(Stored data entries)
text \<open>Points are bi-infinite sequences int => nat; the topology on int => nat is the
 product topology (Function_Topology) of the discrete topology on nat.\<close>

definition A3 :: "nat set" where "A3 = {1,2,3}"

definition shiftS :: "(int \<Rightarrow> nat) \<Rightarrow> (int \<Rightarrow> nat)" where
  "shiftS x = (\<lambda>i. x (i + 1))"

definition shift_space :: "(int \<Rightarrow> nat) set \<Rightarrow> bool" where
  "shift_space X \<longleftrightarrow>
     (\<forall>x\<in>X. \<forall>i. x i \<in> A3) \<and> closed X \<and> shiftS ` X = X \<and>
     (\<forall>a\<in>A3. \<exists>x\<in>X. \<exists>i. x i = a)"

text \<open>Factor set (language); contains the empty word.\<close>
definition lang :: "(int \<Rightarrow> nat) set \<Rightarrow> nat list set" where
  "lang X = {w. \<exists>x\<in>X. \<exists>i::int. w = map (\<lambda>j. x (i + int j)) [0..<length w]}"

definition adj :: "'v set \<Rightarrow> ('v \<times> 'v) set \<Rightarrow> ('v \<times> 'v) set" where
  "adj V E = {(x,y). x \<in> V \<and> y \<in> V \<and> ((x,y) \<in> E \<or> (y,x) \<in> E)}"

definition connected_graph :: "'v set \<Rightarrow> ('v \<times> 'v) set \<Rightarrow> bool" where
  "connected_graph V E \<longleftrightarrow> (\<forall>u\<in>V. \<forall>v\<in>V. (u,v) \<in> (adj V E)\<^sup>*)"

text \<open>A graph is acyclic iff every edge is a bridge (its endpoints are not
 joined by a path avoiding it).  A tree is a connected acyclic graph.\<close>
definition acyclic_graph :: "'v set \<Rightarrow> ('v \<times> 'v) set \<Rightarrow> bool" where
  "acyclic_graph V E \<longleftrightarrow>
     (\<forall>(x,y)\<in>E. x \<noteq> y \<and> (x,y) \<notin> (adj V (E - {(x,y),(y,x)}))\<^sup>*)"

definition is_tree :: "'v set \<Rightarrow> ('v \<times> 'v) set \<Rightarrow> bool" where
  "is_tree V E \<longleftrightarrow> connected_graph V E \<and> acyclic_graph V E"

definition left_ext :: "(int \<Rightarrow> nat) set \<Rightarrow> nat list \<Rightarrow> nat set" where
  "left_ext X w = {a. a # w \<in> lang X}"

definition right_ext :: "(int \<Rightarrow> nat) set \<Rightarrow> nat list \<Rightarrow> nat set" where
  "right_ext X w = {b. w @ [b] \<in> lang X}"

text \<open>Left vertices a^- are Inl a, right vertices b^+ are Inr b.\<close>
definition ext_vertices :: "(int \<Rightarrow> nat) set \<Rightarrow> nat list \<Rightarrow> (nat + nat) set" where
  "ext_vertices X w = Inl ` left_ext X w \<union> Inr ` right_ext X w"

definition ext_edges :: "(int \<Rightarrow> nat) set \<Rightarrow> nat list \<Rightarrow> ((nat + nat) \<times> (nat + nat)) set" where
  "ext_edges X w = {(Inl a, Inr b) | a b. a # w @ [b] \<in> lang X}"

definition bispecial :: "(int \<Rightarrow> nat) set \<Rightarrow> nat list \<Rightarrow> bool" where
  "bispecial X w \<longleftrightarrow> w \<in> lang X \<and> card (left_ext X w) \<ge> 2 \<and> card (right_ext X w) \<ge> 2"

definition dendric :: "(int \<Rightarrow> nat) set \<Rightarrow> nat list \<Rightarrow> bool" where
  "dendric X w \<longleftrightarrow> is_tree (ext_vertices X w) (ext_edges X w)"

definition dendric_shift :: "(int \<Rightarrow> nat) set \<Rightarrow> bool" where
  "dendric_shift X \<longleftrightarrow> (\<forall>w\<in>lang X. dendric X w)"

definition removed_edges :: "('v \<times> 'v) set \<Rightarrow> 'v \<Rightarrow> ('v \<times> 'v) set" where
  "removed_edges E z = {e \<in> E. fst e \<noteq> z \<and> snd e \<noteq> z}"

definition removed_vertices :: "'v set \<Rightarrow> ('v \<times> 'v) set \<Rightarrow> 'v \<Rightarrow> 'v set" where
  "removed_vertices V E z =
     {v \<in> V - {z}. \<exists>e\<in>removed_edges E z. fst e = v \<or> snd e = v}"

definition C_minus :: "(int \<Rightarrow> nat) set \<Rightarrow> nat list \<Rightarrow> nat set" where
  "C_minus X w = {a \<in> left_ext X w.
     \<not> connected_graph (removed_vertices (ext_vertices X w) (ext_edges X w) (Inl a))
                       (removed_edges (ext_edges X w) (Inl a))}"

definition C_plus :: "(int \<Rightarrow> nat) set \<Rightarrow> nat list \<Rightarrow> nat set" where
  "C_plus X w = {b \<in> right_ext X w.
     \<not> connected_graph (removed_vertices (ext_vertices X w) (ext_edges X w) (Inr b))
                       (removed_edges (ext_edges X w) (Inr b))}"

definition C_minus_all :: "(int \<Rightarrow> nat) set \<Rightarrow> nat set" where
  "C_minus_all X = (\<Union>w\<in>lang X. C_minus X w)"

definition C_plus_all :: "(int \<Rightarrow> nat) set \<Rightarrow> nat set" where
  "C_plus_all X = (\<Union>w\<in>lang X. C_plus X w)"

type_synonym morph = "nat \<Rightarrow> nat list"

definition alpha :: morph where
  "alpha a = (if a = 1 then [1] else if a = 2 then [1,2] else if a = 3 then [1,3] else [])"
definition beta :: morph where
  "beta a = (if a = 1 then [1] else if a = 2 then [1,2] else if a = 3 then [1,3,2] else [])"
definition gamma :: morph where
  "gamma a = (if a = 1 then [1] else if a = 2 then [1,2] else if a = 3 then [1,2,3] else [])"
definition delta :: "nat \<Rightarrow> morph" where
  "delta k a = (if a = 1 then [1] else if a = 2 then [1,2] @ replicate k 3
               else if a = 3 then [1,2] @ replicate (k+1) 3 else [])"
definition zeta :: "nat \<Rightarrow> morph" where
  "zeta k a = (if a = 1 then 1 # replicate k 3 else if a = 2 then [1,2]
              else if a = 3 then 1 # replicate (k+1) 3 else [])"
definition eta :: morph where
  "eta a = (if a = 1 then [1,3] else if a = 2 then [1,2] else if a = 3 then [1,2,3] else [])"

definition S3 :: "morph set" where
  "S3 = {alpha, beta, gamma, eta} \<union> {delta k | k. k \<ge> 1} \<union> {zeta k | k. k \<ge> 1}"

definition morph_word :: "morph \<Rightarrow> nat list \<Rightarrow> nat list" where
  "morph_word \<sigma> w = concat (map \<sigma> w)"

fun lcp :: "nat list \<Rightarrow> nat list \<Rightarrow> nat list" where
  "lcp (x # xs) (y # ys) = (if x = y then x # lcp xs ys else [])"
| "lcp _ _ = []"

definition lcs :: "nat list \<Rightarrow> nat list \<Rightarrow> nat list" where
  "lcs u v = rev (lcp (rev u) (rev v))"

definition T_minus :: "morph \<Rightarrow> nat list set" where
  "T_minus \<sigma> = {lcs (\<sigma> a1) (\<sigma> a2) | a1 a2. a1 \<in> A3 \<and> a2 \<in> A3 \<and> a1 \<noteq> a2}"
definition T_plus :: "morph \<Rightarrow> nat list set" where
  "T_plus \<sigma> = {lcp (\<sigma> b1) (\<sigma> b2) | b1 b2. b1 \<in> A3 \<and> b2 \<in> A3 \<and> b1 \<noteq> b2}"

definition left_invariant :: "morph \<Rightarrow> bool" where
  "left_invariant \<sigma> \<longleftrightarrow> (\<exists>t. T_minus \<sigma> = {t})"
definition right_invariant :: "morph \<Rightarrow> bool" where
  "right_invariant \<sigma> \<longleftrightarrow> (\<exists>t. T_plus \<sigma> = {t})"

What to produce: Above are the records; copy all of them exactly.

Exercise answer:
text \<open>Points are bi-infinite sequences int => nat; the topology on int => nat is the
 product topology (Function_Topology) of the discrete topology on nat.\<close>

definition A3 :: "nat set" where "A3 = {1,2,3}"

definition shiftS :: "(int \<Rightarrow> nat) \<Rightarrow> (int \<Rightarrow> nat)" where
  "shiftS x = (\<lambda>i. x (i + 1))"

definition shift_space :: "(int \<Rightarrow> nat) set \<Rightarrow> bool" where
  "shift_space X \<longleftrightarrow>
     (\<forall>x\<in>X. \<forall>i. x i \<in> A3) \<and> closed X \<and> shiftS ` X = X \<and>
     (\<forall>a\<in>A3. \<exists>x\<in>X. \<exists>i. x i = a)"

text \<open>Factor set (language); contains the empty word.\<close>
definition lang :: "(int \<Rightarrow> nat) set \<Rightarrow> nat list set" where
  "lang X = {w. \<exists>x\<in>X. \<exists>i::int. w = map (\<lambda>j. x (i + int j)) [0..<length w]}"

definition adj :: "'v set \<Rightarrow> ('v \<times> 'v) set \<Rightarrow> ('v \<times> 'v) set" where
  "adj V E = {(x,y). x \<in> V \<and> y \<in> V \<and> ((x,y) \<in> E \<or> (y,x) \<in> E)}"

definition connected_graph :: "'v set \<Rightarrow> ('v \<times> 'v) set \<Rightarrow> bool" where
  "connected_graph V E \<longleftrightarrow> (\<forall>u\<in>V. \<forall>v\<in>V. (u,v) \<in> (adj V E)\<^sup>*)"

text \<open>A graph is acyclic iff every edge is a bridge (its endpoints are not
 joined by a path avoiding it).  A tree is a connected acyclic graph.\<close>
definition acyclic_graph :: "'v set \<Rightarrow> ('v \<times> 'v) set \<Rightarrow> bool" where
  "acyclic_graph V E \<longleftrightarrow>
     (\<forall>(x,y)\<in>E. x \<noteq> y \<and> (x,y) \<notin> (adj V (E - {(x,y),(y,x)}))\<^sup>*)"

definition is_tree :: "'v set \<Rightarrow> ('v \<times> 'v) set \<Rightarrow> bool" where
  "is_tree V E \<longleftrightarrow> connected_graph V E \<and> acyclic_graph V E"

definition left_ext :: "(int \<Rightarrow> nat) set \<Rightarrow> nat list \<Rightarrow> nat set" where
  "left_ext X w = {a. a # w \<in> lang X}"

definition right_ext :: "(int \<Rightarrow> nat) set \<Rightarrow> nat list \<Rightarrow> nat set" where
  "right_ext X w = {b. w @ [b] \<in> lang X}"

text \<open>Left vertices a^- are Inl a, right vertices b^+ are Inr b.\<close>
definition ext_vertices :: "(int \<Rightarrow> nat) set \<Rightarrow> nat list \<Rightarrow> (nat + nat) set" where
  "ext_vertices X w = Inl ` left_ext X w \<union> Inr ` right_ext X w"

definition ext_edges :: "(int \<Rightarrow> nat) set \<Rightarrow> nat list \<Rightarrow> ((nat + nat) \<times> (nat + nat)) set" where
  "ext_edges X w = {(Inl a, Inr b) | a b. a # w @ [b] \<in> lang X}"

definition bispecial :: "(int \<Rightarrow> nat) set \<Rightarrow> nat list \<Rightarrow> bool" where
  "bispecial X w \<longleftrightarrow> w \<in> lang X \<and> card (left_ext X w) \<ge> 2 \<and> card (right_ext X w) \<ge> 2"

definition dendric :: "(int \<Rightarrow> nat) set \<Rightarrow> nat list \<Rightarrow> bool" where
  "dendric X w \<longleftrightarrow> is_tree (ext_vertices X w) (ext_edges X w)"

definition dendric_shift :: "(int \<Rightarrow> nat) set \<Rightarrow> bool" where
  "dendric_shift X \<longleftrightarrow> (\<forall>w\<in>lang X. dendric X w)"

definition removed_edges :: "('v \<times> 'v) set \<Rightarrow> 'v \<Rightarrow> ('v \<times> 'v) set" where
  "removed_edges E z = {e \<in> E. fst e \<noteq> z \<and> snd e \<noteq> z}"

definition removed_vertices :: "'v set \<Rightarrow> ('v \<times> 'v) set \<Rightarrow> 'v \<Rightarrow> 'v set" where
  "removed_vertices V E z =
     {v \<in> V - {z}. \<exists>e\<in>removed_edges E z. fst e = v \<or> snd e = v}"

definition C_minus :: "(int \<Rightarrow> nat) set \<Rightarrow> nat list \<Rightarrow> nat set" where
  "C_minus X w = {a \<in> left_ext X w.
     \<not> connected_graph (removed_vertices (ext_vertices X w) (ext_edges X w) (Inl a))
                       (removed_edges (ext_edges X w) (Inl a))}"

definition C_plus :: "(int \<Rightarrow> nat) set \<Rightarrow> nat list \<Rightarrow> nat set" where
  "C_plus X w = {b \<in> right_ext X w.
     \<not> connected_graph (removed_vertices (ext_vertices X w) (ext_edges X w) (Inr b))
                       (removed_edges (ext_edges X w) (Inr b))}"

definition C_minus_all :: "(int \<Rightarrow> nat) set \<Rightarrow> nat set" where
  "C_minus_all X = (\<Union>w\<in>lang X. C_minus X w)"

definition C_plus_all :: "(int \<Rightarrow> nat) set \<Rightarrow> nat set" where
  "C_plus_all X = (\<Union>w\<in>lang X. C_plus X w)"

type_synonym morph = "nat \<Rightarrow> nat list"

definition alpha :: morph where
  "alpha a = (if a = 1 then [1] else if a = 2 then [1,2] else if a = 3 then [1,3] else [])"
definition beta :: morph where
  "beta a = (if a = 1 then [1] else if a = 2 then [1,2] else if a = 3 then [1,3,2] else [])"
definition gamma :: morph where
  "gamma a = (if a = 1 then [1] else if a = 2 then [1,2] else if a = 3 then [1,2,3] else [])"
definition delta :: "nat \<Rightarrow> morph" where
  "delta k a = (if a = 1 then [1] else if a = 2 then [1,2] @ replicate k 3
               else if a = 3 then [1,2] @ replicate (k+1) 3 else [])"
definition zeta :: "nat \<Rightarrow> morph" where
  "zeta k a = (if a = 1 then 1 # replicate k 3 else if a = 2 then [1,2]
              else if a = 3 then 1 # replicate (k+1) 3 else [])"
definition eta :: morph where
  "eta a = (if a = 1 then [1,3] else if a = 2 then [1,2] else if a = 3 then [1,2,3] else [])"

definition S3 :: "morph set" where
  "S3 = {alpha, beta, gamma, eta} \<union> {delta k | k. k \<ge> 1} \<union> {zeta k | k. k \<ge> 1}"

definition morph_word :: "morph \<Rightarrow> nat list \<Rightarrow> nat list" where
  "morph_word \<sigma> w = concat (map \<sigma> w)"

fun lcp :: "nat list \<Rightarrow> nat list \<Rightarrow> nat list" where
  "lcp (x # xs) (y # ys) = (if x = y then x # lcp xs ys else [])"
| "lcp _ _ = []"

definition lcs :: "nat list \<Rightarrow> nat list \<Rightarrow> nat list" where
  "lcs u v = rev (lcp (rev u) (rev v))"

definition T_minus :: "morph \<Rightarrow> nat list set" where
  "T_minus \<sigma> = {lcs (\<sigma> a1) (\<sigma> a2) | a1 a2. a1 \<in> A3 \<and> a2 \<in> A3 \<and> a1 \<noteq> a2}"
definition T_plus :: "morph \<Rightarrow> nat list set" where
  "T_plus \<sigma> = {lcp (\<sigma> b1) (\<sigma> b2) | b1 b2. b1 \<in> A3 \<and> b2 \<in> A3 \<and> b1 \<noteq> b2}"

definition left_invariant :: "morph \<Rightarrow> bool" where
  "left_invariant \<sigma> \<longleftrightarrow> (\<exists>t. T_minus \<sigma> = {t})"
definition right_invariant :: "morph \<Rightarrow> bool" where
  "right_invariant \<sigma> \<longleftrightarrow> (\<exists>t. T_plus \<sigma> = {t})"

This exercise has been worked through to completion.